**What you will do**
Would you copy each line of the records that includes the word "assms"?

(Records drawn from a dataset)
———
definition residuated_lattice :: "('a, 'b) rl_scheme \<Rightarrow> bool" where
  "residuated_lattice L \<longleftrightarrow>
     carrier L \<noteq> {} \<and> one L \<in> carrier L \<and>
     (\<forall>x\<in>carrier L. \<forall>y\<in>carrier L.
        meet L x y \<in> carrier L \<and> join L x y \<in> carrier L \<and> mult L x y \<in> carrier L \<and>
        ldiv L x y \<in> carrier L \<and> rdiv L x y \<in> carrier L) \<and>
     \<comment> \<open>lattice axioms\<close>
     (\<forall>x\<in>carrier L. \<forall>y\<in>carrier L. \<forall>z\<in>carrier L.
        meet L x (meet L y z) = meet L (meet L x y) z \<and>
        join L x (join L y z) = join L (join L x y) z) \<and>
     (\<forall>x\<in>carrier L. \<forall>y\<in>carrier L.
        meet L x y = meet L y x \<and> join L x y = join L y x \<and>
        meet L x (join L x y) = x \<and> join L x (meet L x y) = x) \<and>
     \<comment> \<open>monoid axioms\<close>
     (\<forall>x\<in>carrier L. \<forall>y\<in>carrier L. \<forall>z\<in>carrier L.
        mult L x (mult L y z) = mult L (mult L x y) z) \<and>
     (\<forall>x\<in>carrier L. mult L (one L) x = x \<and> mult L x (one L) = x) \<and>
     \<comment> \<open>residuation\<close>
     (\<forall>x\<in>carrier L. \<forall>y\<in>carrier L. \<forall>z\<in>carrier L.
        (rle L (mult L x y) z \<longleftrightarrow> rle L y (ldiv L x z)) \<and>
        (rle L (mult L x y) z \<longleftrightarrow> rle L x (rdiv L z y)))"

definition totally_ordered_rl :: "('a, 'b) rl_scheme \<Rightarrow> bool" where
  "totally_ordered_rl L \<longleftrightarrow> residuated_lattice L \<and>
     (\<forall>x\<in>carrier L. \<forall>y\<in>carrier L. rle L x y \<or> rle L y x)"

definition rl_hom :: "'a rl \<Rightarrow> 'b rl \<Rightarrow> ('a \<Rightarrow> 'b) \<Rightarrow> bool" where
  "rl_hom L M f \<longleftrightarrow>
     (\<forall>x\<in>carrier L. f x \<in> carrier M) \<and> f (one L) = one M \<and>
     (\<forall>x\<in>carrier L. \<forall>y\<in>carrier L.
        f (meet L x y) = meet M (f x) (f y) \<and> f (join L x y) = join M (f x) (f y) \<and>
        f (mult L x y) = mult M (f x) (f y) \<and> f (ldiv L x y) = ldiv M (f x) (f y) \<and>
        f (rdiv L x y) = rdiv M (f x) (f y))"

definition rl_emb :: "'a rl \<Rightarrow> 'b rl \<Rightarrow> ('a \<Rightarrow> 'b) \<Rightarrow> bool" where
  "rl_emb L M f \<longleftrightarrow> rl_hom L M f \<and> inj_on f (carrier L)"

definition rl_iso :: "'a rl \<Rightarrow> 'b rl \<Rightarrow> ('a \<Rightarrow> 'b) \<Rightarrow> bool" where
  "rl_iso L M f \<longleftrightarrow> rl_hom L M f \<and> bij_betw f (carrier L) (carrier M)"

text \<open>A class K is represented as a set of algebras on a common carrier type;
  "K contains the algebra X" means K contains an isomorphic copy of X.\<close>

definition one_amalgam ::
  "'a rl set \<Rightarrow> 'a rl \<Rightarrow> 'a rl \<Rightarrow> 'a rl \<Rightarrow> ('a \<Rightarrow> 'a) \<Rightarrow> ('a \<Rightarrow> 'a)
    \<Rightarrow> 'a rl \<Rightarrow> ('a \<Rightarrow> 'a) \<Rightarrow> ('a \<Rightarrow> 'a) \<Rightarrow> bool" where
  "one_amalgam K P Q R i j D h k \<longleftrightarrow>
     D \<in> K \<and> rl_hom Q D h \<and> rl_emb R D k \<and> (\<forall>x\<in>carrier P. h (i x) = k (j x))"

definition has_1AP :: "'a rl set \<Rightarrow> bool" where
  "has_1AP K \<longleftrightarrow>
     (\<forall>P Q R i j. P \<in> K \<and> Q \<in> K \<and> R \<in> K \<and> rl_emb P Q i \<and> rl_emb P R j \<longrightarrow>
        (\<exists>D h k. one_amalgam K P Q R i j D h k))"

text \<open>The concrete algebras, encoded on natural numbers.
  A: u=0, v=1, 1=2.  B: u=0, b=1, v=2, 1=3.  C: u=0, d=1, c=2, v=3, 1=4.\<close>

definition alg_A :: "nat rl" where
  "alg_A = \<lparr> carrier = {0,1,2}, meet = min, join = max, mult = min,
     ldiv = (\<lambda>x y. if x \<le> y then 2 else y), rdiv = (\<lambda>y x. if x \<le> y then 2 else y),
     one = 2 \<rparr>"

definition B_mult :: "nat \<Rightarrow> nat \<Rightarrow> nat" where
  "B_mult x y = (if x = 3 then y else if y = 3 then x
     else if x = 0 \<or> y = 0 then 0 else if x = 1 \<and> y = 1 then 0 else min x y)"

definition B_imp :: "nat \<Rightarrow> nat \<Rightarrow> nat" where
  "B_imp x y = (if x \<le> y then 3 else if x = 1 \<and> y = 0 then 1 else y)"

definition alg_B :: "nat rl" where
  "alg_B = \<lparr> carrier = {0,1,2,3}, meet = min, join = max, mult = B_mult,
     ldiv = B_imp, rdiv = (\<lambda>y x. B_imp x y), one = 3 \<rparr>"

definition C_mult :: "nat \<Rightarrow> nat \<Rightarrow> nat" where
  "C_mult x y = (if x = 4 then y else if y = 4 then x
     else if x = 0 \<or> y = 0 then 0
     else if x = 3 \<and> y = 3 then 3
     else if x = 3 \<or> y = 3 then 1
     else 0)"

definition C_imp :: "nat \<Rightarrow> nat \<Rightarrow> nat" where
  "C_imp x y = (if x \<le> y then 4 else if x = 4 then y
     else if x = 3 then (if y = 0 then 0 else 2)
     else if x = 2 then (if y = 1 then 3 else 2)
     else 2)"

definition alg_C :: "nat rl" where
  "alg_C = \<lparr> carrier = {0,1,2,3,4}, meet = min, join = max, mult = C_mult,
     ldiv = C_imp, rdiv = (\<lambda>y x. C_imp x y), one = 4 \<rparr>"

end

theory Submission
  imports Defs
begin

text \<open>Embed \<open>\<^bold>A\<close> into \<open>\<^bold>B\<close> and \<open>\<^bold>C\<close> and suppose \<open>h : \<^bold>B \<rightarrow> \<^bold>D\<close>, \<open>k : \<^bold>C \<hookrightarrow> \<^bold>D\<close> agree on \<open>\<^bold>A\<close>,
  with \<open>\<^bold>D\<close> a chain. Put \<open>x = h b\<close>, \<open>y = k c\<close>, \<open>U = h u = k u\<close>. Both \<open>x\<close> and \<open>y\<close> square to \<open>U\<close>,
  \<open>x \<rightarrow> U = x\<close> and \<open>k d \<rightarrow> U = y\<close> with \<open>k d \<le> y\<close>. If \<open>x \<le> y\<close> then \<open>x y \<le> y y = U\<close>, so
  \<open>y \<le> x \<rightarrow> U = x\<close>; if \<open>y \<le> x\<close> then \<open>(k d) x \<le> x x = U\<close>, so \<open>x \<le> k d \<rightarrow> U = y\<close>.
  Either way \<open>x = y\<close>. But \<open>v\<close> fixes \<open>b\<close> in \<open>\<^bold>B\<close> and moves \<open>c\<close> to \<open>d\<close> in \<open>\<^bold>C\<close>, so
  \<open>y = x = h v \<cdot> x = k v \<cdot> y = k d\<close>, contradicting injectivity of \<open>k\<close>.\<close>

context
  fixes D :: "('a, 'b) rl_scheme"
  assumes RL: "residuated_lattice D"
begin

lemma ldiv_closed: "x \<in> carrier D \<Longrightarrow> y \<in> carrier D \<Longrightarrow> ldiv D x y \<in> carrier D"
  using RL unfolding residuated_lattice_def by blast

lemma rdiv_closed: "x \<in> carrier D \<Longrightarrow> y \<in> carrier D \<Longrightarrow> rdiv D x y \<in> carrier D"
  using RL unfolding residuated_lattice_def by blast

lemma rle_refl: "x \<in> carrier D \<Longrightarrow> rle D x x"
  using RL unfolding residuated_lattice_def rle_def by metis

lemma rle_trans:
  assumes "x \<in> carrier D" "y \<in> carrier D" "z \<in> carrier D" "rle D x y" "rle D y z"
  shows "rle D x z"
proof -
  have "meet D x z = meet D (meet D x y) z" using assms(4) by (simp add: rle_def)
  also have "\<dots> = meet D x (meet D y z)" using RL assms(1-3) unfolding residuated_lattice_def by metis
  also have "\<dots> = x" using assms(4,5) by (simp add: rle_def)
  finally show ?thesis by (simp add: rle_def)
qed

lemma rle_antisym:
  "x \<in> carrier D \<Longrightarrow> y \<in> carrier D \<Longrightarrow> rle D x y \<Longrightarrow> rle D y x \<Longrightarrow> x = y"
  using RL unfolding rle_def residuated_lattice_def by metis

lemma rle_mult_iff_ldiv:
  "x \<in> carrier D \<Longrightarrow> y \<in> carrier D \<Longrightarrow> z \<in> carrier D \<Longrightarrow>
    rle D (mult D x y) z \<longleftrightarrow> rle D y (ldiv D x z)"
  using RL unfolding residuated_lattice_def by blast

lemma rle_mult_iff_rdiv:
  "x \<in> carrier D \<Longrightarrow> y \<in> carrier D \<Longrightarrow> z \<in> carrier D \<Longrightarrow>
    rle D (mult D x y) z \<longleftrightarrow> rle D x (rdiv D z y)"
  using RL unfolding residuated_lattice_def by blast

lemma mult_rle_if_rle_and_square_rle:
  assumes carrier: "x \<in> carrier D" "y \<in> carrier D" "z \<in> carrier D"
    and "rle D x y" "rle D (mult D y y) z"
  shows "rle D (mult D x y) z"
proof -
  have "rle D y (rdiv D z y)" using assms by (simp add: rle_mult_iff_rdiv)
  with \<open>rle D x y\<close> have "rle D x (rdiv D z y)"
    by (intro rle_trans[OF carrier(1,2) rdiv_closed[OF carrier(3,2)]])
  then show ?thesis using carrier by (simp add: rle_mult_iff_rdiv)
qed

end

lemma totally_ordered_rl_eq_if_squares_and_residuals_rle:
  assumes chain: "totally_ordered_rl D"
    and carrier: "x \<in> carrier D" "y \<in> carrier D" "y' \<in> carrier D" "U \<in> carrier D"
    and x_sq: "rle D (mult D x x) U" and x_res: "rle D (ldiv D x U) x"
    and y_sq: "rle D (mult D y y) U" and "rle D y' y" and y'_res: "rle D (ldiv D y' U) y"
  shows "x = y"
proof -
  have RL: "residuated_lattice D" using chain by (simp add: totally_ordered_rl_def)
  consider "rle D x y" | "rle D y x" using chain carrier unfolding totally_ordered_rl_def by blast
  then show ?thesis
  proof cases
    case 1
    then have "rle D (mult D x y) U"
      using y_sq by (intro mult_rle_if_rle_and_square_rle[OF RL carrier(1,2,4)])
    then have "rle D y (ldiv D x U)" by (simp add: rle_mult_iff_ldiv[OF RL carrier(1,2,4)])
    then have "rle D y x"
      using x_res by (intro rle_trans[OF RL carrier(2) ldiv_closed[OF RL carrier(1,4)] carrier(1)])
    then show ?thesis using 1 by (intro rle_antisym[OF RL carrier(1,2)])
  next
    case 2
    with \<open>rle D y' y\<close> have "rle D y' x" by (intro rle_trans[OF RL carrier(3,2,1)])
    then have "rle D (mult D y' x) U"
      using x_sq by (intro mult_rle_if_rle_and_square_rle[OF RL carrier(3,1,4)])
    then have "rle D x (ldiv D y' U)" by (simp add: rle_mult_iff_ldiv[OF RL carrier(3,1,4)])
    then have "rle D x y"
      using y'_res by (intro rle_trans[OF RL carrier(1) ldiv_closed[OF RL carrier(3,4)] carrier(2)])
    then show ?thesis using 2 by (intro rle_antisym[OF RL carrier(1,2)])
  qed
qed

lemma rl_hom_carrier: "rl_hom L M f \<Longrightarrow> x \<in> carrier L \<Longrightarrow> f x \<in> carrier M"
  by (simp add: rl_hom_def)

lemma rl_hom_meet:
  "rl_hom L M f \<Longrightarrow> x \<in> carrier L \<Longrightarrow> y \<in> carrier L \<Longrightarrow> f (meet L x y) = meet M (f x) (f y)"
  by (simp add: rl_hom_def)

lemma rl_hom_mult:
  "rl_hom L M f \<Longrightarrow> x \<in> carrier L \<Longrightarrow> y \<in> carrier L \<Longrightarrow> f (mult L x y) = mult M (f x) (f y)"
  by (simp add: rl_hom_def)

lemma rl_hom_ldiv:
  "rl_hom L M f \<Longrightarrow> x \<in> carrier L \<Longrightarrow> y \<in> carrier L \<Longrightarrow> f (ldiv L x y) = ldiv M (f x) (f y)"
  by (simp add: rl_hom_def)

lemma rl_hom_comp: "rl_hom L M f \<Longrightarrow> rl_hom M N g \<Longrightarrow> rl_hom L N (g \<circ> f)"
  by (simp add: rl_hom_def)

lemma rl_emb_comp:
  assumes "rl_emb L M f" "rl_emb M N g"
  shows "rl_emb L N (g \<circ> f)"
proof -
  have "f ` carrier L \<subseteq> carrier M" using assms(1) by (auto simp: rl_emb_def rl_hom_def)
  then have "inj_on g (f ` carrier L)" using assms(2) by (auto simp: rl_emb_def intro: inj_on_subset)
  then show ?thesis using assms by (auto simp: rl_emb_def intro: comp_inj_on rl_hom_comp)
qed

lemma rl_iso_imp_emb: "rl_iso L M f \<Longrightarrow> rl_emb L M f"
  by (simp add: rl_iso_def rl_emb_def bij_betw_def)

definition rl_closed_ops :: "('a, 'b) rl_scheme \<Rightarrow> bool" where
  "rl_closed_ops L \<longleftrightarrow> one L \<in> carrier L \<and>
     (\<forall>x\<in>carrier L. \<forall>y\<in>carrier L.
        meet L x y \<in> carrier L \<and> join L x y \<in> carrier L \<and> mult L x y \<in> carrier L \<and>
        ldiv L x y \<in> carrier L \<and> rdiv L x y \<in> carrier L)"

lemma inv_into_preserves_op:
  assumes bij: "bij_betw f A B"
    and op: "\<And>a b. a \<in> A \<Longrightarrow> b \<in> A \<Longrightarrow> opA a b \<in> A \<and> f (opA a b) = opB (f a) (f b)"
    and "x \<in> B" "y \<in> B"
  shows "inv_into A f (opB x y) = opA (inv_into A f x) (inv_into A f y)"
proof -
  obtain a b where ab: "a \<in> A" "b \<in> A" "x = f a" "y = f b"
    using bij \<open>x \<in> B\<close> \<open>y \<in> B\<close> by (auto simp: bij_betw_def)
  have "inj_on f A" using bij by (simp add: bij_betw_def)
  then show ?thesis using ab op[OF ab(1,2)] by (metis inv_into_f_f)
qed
———
**Solution**
  have "meet D x z = meet D (meet D x y) z" using assms(4) by (simp add: rle_def)
  also have "\<dots> = meet D x (meet D y z)" using RL assms(1-3) unfolding residuated_lattice_def by metis
  also have "\<dots> = x" using assms(4,5) by (simp add: rle_def)
  have "rle D y (rdiv D z y)" using assms by (simp add: rle_mult_iff_rdiv)
  have "f ` carrier L \<subseteq> carrier M" using assms(1) by (auto simp: rl_emb_def rl_hom_def)
  then have "inj_on g (f ` carrier L)" using assms(2) by (auto simp: rl_emb_def intro: inj_on_subset)
  then show ?thesis using assms by (auto simp: rl_emb_def intro: comp_inj_on rl_hom_comp)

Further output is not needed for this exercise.